◆ **Assignment**: Exact reproduction required: the lines below from the line with "ultimately show ?thesis" to the line with "using S' ab card_b by auto", both ends included, and no others.

Segment Start: Records to process

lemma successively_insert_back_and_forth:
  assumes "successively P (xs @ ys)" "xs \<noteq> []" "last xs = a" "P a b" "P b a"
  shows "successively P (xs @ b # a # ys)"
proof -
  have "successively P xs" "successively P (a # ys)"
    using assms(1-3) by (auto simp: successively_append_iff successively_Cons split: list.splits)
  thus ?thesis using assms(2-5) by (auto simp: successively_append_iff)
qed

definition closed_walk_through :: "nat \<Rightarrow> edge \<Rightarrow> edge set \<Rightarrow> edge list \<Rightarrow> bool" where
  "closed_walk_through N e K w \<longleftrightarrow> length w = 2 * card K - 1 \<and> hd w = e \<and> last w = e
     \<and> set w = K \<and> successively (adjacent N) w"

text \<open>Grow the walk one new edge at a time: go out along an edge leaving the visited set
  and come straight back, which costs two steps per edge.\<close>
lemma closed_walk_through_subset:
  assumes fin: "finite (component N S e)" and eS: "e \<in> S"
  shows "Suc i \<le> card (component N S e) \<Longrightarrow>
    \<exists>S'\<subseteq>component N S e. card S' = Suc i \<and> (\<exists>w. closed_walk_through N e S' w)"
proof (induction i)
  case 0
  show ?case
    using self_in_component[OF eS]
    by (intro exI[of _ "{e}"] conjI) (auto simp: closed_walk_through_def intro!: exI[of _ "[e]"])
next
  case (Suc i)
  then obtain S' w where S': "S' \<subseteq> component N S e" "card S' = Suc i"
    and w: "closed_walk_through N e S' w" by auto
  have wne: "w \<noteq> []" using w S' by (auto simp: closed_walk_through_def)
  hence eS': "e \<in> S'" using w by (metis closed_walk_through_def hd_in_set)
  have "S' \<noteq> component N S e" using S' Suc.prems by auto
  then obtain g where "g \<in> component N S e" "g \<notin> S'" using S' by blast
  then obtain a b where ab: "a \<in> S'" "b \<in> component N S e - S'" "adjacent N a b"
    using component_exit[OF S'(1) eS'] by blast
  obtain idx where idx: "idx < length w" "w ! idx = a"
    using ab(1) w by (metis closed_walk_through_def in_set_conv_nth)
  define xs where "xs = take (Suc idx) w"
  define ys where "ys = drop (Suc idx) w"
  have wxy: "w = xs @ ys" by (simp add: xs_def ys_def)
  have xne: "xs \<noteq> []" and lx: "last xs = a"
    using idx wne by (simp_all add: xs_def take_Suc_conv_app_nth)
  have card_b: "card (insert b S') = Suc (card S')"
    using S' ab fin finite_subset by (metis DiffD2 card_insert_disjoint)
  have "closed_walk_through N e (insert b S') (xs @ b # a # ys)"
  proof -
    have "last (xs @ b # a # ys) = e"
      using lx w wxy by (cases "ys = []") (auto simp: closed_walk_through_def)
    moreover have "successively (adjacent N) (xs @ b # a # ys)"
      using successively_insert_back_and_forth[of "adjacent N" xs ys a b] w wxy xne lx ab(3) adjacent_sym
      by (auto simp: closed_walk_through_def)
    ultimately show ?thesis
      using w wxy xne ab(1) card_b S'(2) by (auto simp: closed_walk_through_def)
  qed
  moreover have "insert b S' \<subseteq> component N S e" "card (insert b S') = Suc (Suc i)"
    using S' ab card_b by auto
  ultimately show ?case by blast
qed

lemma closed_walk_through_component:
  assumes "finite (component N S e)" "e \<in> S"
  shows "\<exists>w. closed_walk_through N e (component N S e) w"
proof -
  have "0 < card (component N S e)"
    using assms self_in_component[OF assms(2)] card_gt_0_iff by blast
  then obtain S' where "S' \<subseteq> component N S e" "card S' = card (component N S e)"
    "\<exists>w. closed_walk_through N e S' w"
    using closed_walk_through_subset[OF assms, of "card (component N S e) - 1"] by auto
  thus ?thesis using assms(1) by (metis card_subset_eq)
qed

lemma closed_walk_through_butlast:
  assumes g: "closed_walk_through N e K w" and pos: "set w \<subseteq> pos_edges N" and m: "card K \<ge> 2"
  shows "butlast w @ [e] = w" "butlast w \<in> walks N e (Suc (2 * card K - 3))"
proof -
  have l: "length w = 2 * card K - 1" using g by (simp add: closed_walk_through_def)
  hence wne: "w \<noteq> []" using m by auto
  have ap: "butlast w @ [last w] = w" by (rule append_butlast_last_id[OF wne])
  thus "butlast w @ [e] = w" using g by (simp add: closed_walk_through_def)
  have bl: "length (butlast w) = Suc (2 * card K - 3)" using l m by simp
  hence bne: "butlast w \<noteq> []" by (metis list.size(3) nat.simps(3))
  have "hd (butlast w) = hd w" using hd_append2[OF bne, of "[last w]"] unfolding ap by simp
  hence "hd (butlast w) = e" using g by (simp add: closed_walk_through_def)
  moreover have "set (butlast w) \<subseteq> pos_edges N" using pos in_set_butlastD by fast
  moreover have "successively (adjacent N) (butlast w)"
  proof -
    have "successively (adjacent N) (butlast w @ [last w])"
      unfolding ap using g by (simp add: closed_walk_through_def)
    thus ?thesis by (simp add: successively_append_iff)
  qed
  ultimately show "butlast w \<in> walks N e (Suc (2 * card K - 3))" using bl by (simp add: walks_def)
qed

Segment End: Records to process
Segment Start: Records to process

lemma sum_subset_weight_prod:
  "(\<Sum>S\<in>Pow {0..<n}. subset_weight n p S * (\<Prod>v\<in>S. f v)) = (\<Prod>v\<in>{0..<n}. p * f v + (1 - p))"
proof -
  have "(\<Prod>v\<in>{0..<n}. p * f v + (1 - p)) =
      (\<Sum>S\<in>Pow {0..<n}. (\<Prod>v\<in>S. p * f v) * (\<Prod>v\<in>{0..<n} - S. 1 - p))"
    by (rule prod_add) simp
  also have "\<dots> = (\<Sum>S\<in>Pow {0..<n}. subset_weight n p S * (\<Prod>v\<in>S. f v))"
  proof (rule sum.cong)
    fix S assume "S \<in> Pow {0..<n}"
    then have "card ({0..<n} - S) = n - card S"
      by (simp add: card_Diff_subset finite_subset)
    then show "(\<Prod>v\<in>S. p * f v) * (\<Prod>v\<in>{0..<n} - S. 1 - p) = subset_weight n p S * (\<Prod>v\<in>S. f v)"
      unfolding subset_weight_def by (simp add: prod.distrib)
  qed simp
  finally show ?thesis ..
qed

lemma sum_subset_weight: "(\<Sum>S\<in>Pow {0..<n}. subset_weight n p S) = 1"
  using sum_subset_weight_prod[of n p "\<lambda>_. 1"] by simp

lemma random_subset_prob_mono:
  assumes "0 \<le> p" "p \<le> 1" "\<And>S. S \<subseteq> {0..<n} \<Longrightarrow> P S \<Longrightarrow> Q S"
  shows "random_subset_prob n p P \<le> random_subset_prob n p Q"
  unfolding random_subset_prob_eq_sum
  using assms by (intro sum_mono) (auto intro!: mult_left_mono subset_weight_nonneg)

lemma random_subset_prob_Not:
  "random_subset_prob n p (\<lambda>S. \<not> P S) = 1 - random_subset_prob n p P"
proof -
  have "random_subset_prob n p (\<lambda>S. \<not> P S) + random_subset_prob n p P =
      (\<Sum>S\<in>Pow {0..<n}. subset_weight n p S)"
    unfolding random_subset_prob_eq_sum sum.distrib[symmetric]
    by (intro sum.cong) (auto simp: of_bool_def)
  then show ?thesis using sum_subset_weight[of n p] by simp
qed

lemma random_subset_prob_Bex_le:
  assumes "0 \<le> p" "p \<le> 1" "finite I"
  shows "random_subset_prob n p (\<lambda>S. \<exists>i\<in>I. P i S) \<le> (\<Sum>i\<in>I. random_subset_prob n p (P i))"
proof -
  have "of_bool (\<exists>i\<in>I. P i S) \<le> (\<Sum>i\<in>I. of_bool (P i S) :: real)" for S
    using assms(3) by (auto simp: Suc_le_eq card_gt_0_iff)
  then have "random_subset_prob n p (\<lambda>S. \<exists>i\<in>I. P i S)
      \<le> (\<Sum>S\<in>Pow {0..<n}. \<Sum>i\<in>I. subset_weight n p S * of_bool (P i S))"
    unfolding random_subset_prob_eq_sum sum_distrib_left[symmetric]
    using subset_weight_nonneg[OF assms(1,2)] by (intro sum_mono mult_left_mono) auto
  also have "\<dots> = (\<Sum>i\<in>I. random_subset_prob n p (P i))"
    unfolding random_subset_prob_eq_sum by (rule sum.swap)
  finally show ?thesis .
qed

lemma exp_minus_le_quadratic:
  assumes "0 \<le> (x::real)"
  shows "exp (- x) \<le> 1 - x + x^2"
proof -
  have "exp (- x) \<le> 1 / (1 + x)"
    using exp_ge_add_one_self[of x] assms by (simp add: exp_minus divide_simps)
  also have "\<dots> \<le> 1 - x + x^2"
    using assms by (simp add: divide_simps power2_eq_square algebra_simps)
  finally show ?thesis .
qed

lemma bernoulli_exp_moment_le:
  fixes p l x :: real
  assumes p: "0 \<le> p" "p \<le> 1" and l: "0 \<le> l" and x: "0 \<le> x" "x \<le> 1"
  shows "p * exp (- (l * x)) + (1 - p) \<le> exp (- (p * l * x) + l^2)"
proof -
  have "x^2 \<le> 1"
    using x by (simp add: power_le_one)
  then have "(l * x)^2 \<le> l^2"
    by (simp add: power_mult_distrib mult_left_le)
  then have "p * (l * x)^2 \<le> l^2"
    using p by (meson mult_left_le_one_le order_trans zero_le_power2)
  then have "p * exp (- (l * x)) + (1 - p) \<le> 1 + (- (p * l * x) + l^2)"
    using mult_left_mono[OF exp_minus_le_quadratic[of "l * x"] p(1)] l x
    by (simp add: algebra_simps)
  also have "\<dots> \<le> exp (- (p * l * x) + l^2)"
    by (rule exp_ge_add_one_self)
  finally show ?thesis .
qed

Segment End: Records to process

◆ **Response box**:
    ultimately show ?thesis
      using w wxy xne ab(1) card_b S'(2) by (auto simp: closed_walk_through_def)
  qed
  moreover have "insert b S' \<subseteq> component N S e" "card (insert b S') = Suc (Suc i)"
    using S' ab card_b by auto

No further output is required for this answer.